Put a reverse proxy (Caddy/nginx) in front for TLS once a domain is attached.
## Scheduling
A single idempotent command runs the whole pipeline and is safe to invoke as
often as you like — it only polls sources that are *due* (per each source's
`poll_interval_minutes`), only classifies articles the model hasn't seen, and
rebuilds the current day's brief:
```bash
python3 -m goodnews cycle # poll due -> classify -> dedup -> brief -> review flags
python3 -m goodnews cycle --force # poll every active source regardless of interval
python3 -m goodnews cycle --no-classify # skip the LLM step (e.g. model box offline)
```
A systemd timer runs it every 15 minutes. Unit files live in `deploy/`:
```bash
sudo install -d /etc/goodnews
sudo install -m 644 deploy/goodnews.env.example /etc/goodnews/goodnews.env # then edit
sudo install -m 644 deploy/goodnews.service deploy/goodnews.timer /etc/systemd/system/
sudo systemctl daemon-reload
sudo systemctl enable --now goodnews.timer
systemctl list-timers goodnews.timer # when it next runs
journalctl -u goodnews.service -f # watch cycle output
```
`/etc/goodnews/goodnews.env` supplies `GOODNEWS_LLM_BASE_URL`, `GOODNEWS_LLM_MODEL`,
and `GOODNEWS_DB` to the scheduled run. The timer uses `Persistent=true`, so a
run missed while the machine was off is caught up on the next boot.
## Next Steps
Done so far: RSS/Atom ingestion with exact + semantic dedup, heuristic + local-LLM
classification with topic/flavor tagging, the daily brief, the FastAPI web/API layer
and site, scheduled `cycle` via systemd, a pytest suite, and device-local Calm Filters.
Still ahead:
1. **Supervised source pipeline** — preview + staging are done: `suggest-source`
previews a feed and stages it in the `source_candidates` table (status
suggested/quarantined/rejected/promoted); `promote-candidate` copies it into
`sources` (inactive by default — active on approval); promotion is never
automatic. Advisory health is done too: `review-sources` (also run at the end
of `cycle`) flags stale, failing, low-acceptance, duplicate-heavy, or
doom-skewed feeds for human review — it never deactivates anything. Still
ahead: an authenticated POST surface so the website can accept public
suggestions once accounts exist.
2. **Learned "Less like this" weighting** — replace the interim flavor-pause with
real preference down-ranking.
3. **Corpus rebalancing** — add calm/feelgood sources (currently science-heavy).
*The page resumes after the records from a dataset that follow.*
text \<open>Each Flashback step strips the leading run \<open>a\<^sup>l\<close> and the trailing run \<open>c\<^sup>t\<close> off the
  active span and emits the token \<open>(a\<^sup>l c\<^sup>t, l)\<close>. The letters next to the stripped runs differ
  from \<open>a\<close> and \<open>c\<close>, and they are the first and last letters of the next span, hence of the
  next token: this is conditions (1) and (3). The process stops when the two runs cover the
  span, leaving one run or two runs, which is condition (2). Conversely, nesting a token list
  with these properties yields a string \<open>a\<^sup>p N c\<^sup>q\<close> in which \<open>a\<^sup>p\<close> and \<open>c\<^sup>q\<close> are maximal runs,
  so Flashback peels off exactly the given tokens again.\<close>

declare flash.simps [simp del]

lemma lead_len_replicate_append:
  assumes "n \<ge> 1" "u = [] \<or> hd u \<noteq> a"
  shows "lead_len (replicate n a @ u) = n"
proof -
  have "hd (replicate n a @ u) = a" using assms(1) by (cases n) auto
  moreover have "takeWhile (\<lambda>x. x = a) (replicate n a @ u) = replicate n a"
  proof -
    have "takeWhile (\<lambda>x. x = a) u = []" using assms(2) by (cases u) auto
    then show ?thesis by (subst takeWhile_append2) auto
  qed
  ultimately show ?thesis by (simp add: lead_len_def)
qed

lemma trail_len_append_replicate:
  assumes "n \<ge> 1" "u = [] \<or> last u \<noteq> a"
  shows "trail_len (u @ replicate n a) = n"
  using lead_len_replicate_append[OF assms(1), of "rev u" a] assms(2)
  by (auto simp: trail_len_def hd_rev)

lemma take_lead_len: "take (lead_len w) w = replicate (lead_len w) (hd w)"
proof -
  have "\<forall>x\<in>set (takeWhile (\<lambda>x. x = hd w) w). x = hd w" by (auto dest: set_takeWhileD)
  then show ?thesis
    unfolding lead_len_def by (metis replicate_length_same takeWhile_eq_take)
qed

lemma hd_drop_lead_len: "drop (lead_len w) w \<noteq> [] \<Longrightarrow> hd (drop (lead_len w) w) \<noteq> hd w"
  using hd_dropWhile[of "\<lambda>x. x = hd w" w] by (simp add: lead_len_def dropWhile_eq_drop)

lemma trail_len_le_length: "trail_len w \<le> length w"
  using length_takeWhile_le[of _ "rev w"] by (simp add: trail_len_def lead_len_def)

lemma drop_trail_len:
  "drop (length w - trail_len w) w = replicate (trail_len w) (last w)"
  using take_lead_len[of "rev w"] trail_len_le_length[of w]
  by (metis hd_rev length_rev rev_replicate rev_rev_ident rev_take trail_len_def diff_diff_cancel)

lemma last_take_trail_len:
  assumes "take (length w - trail_len w) w \<noteq> []"
  shows "last (take (length w - trail_len w) w) \<noteq> last w"
proof -
  have "take (length w - trail_len w) w = rev (drop (lead_len (rev w)) (rev w))"
    by (simp add: trail_len_def rev_drop)
  then show ?thesis using assms hd_drop_lead_len[of "rev w"] by (simp add: last_rev hd_rev)
qed

lemma run_shapes:
  assumes "w \<noteq> []"
  obtains (one_run) a n where "n \<ge> 1" "w = replicate n a"
  | (two_runs) a c m n where "a \<noteq> c" "m \<ge> 1" "n \<ge> 1" "w = replicate m a @ replicate n c"
  | (wrapped) a c m n u where "m \<ge> 1" "n \<ge> 1" "u \<noteq> []" "hd u \<noteq> a" "last u \<noteq> c"
      "w = replicate m a @ u @ replicate n c"
proof -
  define l t where "l = lead_len w" and "t = trail_len w"
  define r where "r = length w - t"
  have l: "l \<ge> 1" "take l w = replicate l (hd w)"
    using lead_len_pos[OF assms] take_lead_len[of w] by (simp_all add: l_def)
  have t: "t \<ge> 1" "drop r w = replicate t (last w)"
    using lead_len_pos[of "rev w"] drop_trail_len[of w] assms by (simp_all add: t_def r_def trail_len_def)
  show thesis
  proof (cases "drop l w = []")
    case True
    then have "w = replicate l (hd w)" using l(2) by (metis append_Nil2 append_take_drop_id)
    with l(1) show thesis by (rule one_run)
  next
    case False
    have hd_rest: "hd (drop l w) \<noteq> hd w" using False hd_drop_lead_len by (simp add: l_def)
    show thesis
    proof (cases "r \<le> l")
      case True
      have "drop l w = replicate (length w - l) (last w)"
        using t(2) True by (metis diff_add drop_drop drop_replicate length_drop length_replicate)
      moreover from this False hd_rest have "hd w \<noteq> last w" by (cases "length w - l") auto
      moreover have "w = take l w @ drop l w" by simp
      ultimately show thesis using l False by (intro two_runs[of "hd w" "last w" l "length w - l"]) auto
    next
      case False
      define u where "u = drop l (take r w)"
      have "w = take l w @ u @ drop r w"
        using False unfolding u_def
        by (metis append.assoc append_take_drop_id drop_take le_add_diff_inverse linorder_linear take_add)
      moreover have "u \<noteq> []" "hd u \<noteq> hd w"
        using False hd_rest by (auto simp: u_def r_def hd_drop_conv_nth)
      moreover have "last u \<noteq> last w"
        using False assms last_take_trail_len[of w] by (auto simp: u_def r_def t_def)
      ultimately show thesis using l t by (intro wrapped) simp_all
    qed
  qed
qed

lemma flash_replicate:
  assumes "n \<ge> 1"
  shows "flash (replicate n a) = [(replicate n a, 0)]"
  using assms lead_len_replicate_append[OF assms, of "[]" a] by (simp add: flash.simps)

lemma flash_two_runs:
  assumes "a \<noteq> c" "m \<ge> 1" "n \<ge> 1"
  shows "flash (replicate m a @ replicate n c) = [(replicate m a @ replicate n c, 0)]"
proof -
  have "lead_len (replicate m a @ replicate n c) = m"
    using assms by (intro lead_len_replicate_append) (auto simp: hd_replicate)
  moreover have "trail_len (replicate m a @ replicate n c) = n"
    using assms by (intro trail_len_append_replicate) (auto simp: last_replicate)
  ultimately show ?thesis using assms by (simp add: flash.simps Let_def)
qed

lemma flash_wrap:
  assumes "m \<ge> 1" "n \<ge> 1" "u \<noteq> []" "hd u \<noteq> a" "last u \<noteq> c"
  shows "flash (replicate m a @ u @ replicate n c) = (replicate m a @ replicate n c, m) # flash u"
proof -
  let ?w = "replicate m a @ u @ replicate n c"
  have "lead_len ?w = m"
    using assms by (intro lead_len_replicate_append) auto
  moreover have "trail_len ?w = n"
    using trail_len_append_replicate[of n "replicate m a @ u" c] assms by simp
  ultimately show ?thesis using assms by (simp add: flash.simps[of ?w] Let_def)
qed

lemma flash_first_token:
  assumes "w \<noteq> []"
  obtains \<sigma> p ts where "flash w = (\<sigma>, p) # ts" "hd \<sigma> = hd w" "last \<sigma> = last w"
  using assms
proof (cases rule: run_shapes)
  case (one_run a n)
  then show thesis using that flash_replicate[of n a] by auto
next
  case (two_runs a c m n)
  then show thesis using that flash_two_runs[of a c m n] by auto
next
  case (wrapped a c m n u)
  then show thesis using that flash_wrap[of m n u a c] by auto
qed

text \<open>\<open>token_link t t'\<close> is conditions (1) and (3) for a token \<open>t\<close> and its successor \<open>t'\<close>;
  \<open>final_token\<close> is condition (2).\<close>

fun token_link :: "'b list \<times> nat \<Rightarrow> 'b list \<times> nat \<Rightarrow> bool" where
  "token_link (\<sigma>, p) (\<sigma>', _) \<longleftrightarrow> p \<ge> 1 \<and> length \<sigma> - p \<ge> 1 \<and>
     single_run (hd \<sigma>) (take p \<sigma>) \<and> single_run (last \<sigma>) (drop p \<sigma>) \<and>
     hd \<sigma>' \<noteq> hd \<sigma> \<and> last \<sigma>' \<noteq> last \<sigma>"

fun final_token :: "'b list \<times> nat \<Rightarrow> bool" where
  "final_token (\<sigma>, p) \<longleftrightarrow> p = 0 \<and> ((\<exists>a. single_run a \<sigma>) \<or>
     (\<exists>a c x y. a \<noteq> c \<and> single_run a x \<and> single_run c y \<and> \<sigma> = x @ y))"

fun valid_tokens :: "('b list \<times> nat) list \<Rightarrow> bool" where
  "valid_tokens [] \<longleftrightarrow> False"
| "valid_tokens [t] \<longleftrightarrow> final_token t"
| "valid_tokens (t # t' # ts) \<longleftrightarrow> token_link t t' \<and> valid_tokens (t' # ts)"

lemma single_run_conv_replicate: "single_run a x \<longleftrightarrow> x \<noteq> [] \<and> x = replicate (length x) a"
  unfolding single_run_def by (metis in_set_replicate replicate_length_same)

lemma single_run_iff_replicate: "single_run a x \<longleftrightarrow> (\<exists>n \<ge> 1. x = replicate n a)"
  unfolding single_run_def
  by (metis in_set_replicate length_0_conv less_one not_le replicate_length_same)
4. **Retention/pruning** — soft-delete + time-window indexes as the corpus grows
toward ~10k articles (don't rush; not yet needed).
5. **Go-public hardening** — TLS via a reverse proxy, then a domain.
## Local Model Configuration
The `classify` command expects an OpenAI-compatible local chat-completions server.
You can pass settings directly:
```bash
python3 -m goodnews classify --base-url http://127.0.0.1:1234/v1 --model gpt-oss --limit 10
```
Or use environment variables:
```bash
export GOODNEWS_LLM_BASE_URL=http://127.0.0.1:1234/v1
export GOODNEWS_LLM_MODEL=gpt-oss
python3 -m goodnews classify --limit 10
```
`classify` rewrites the current score/reason row for selected candidates. `rescore` can restore the fast heuristic scores.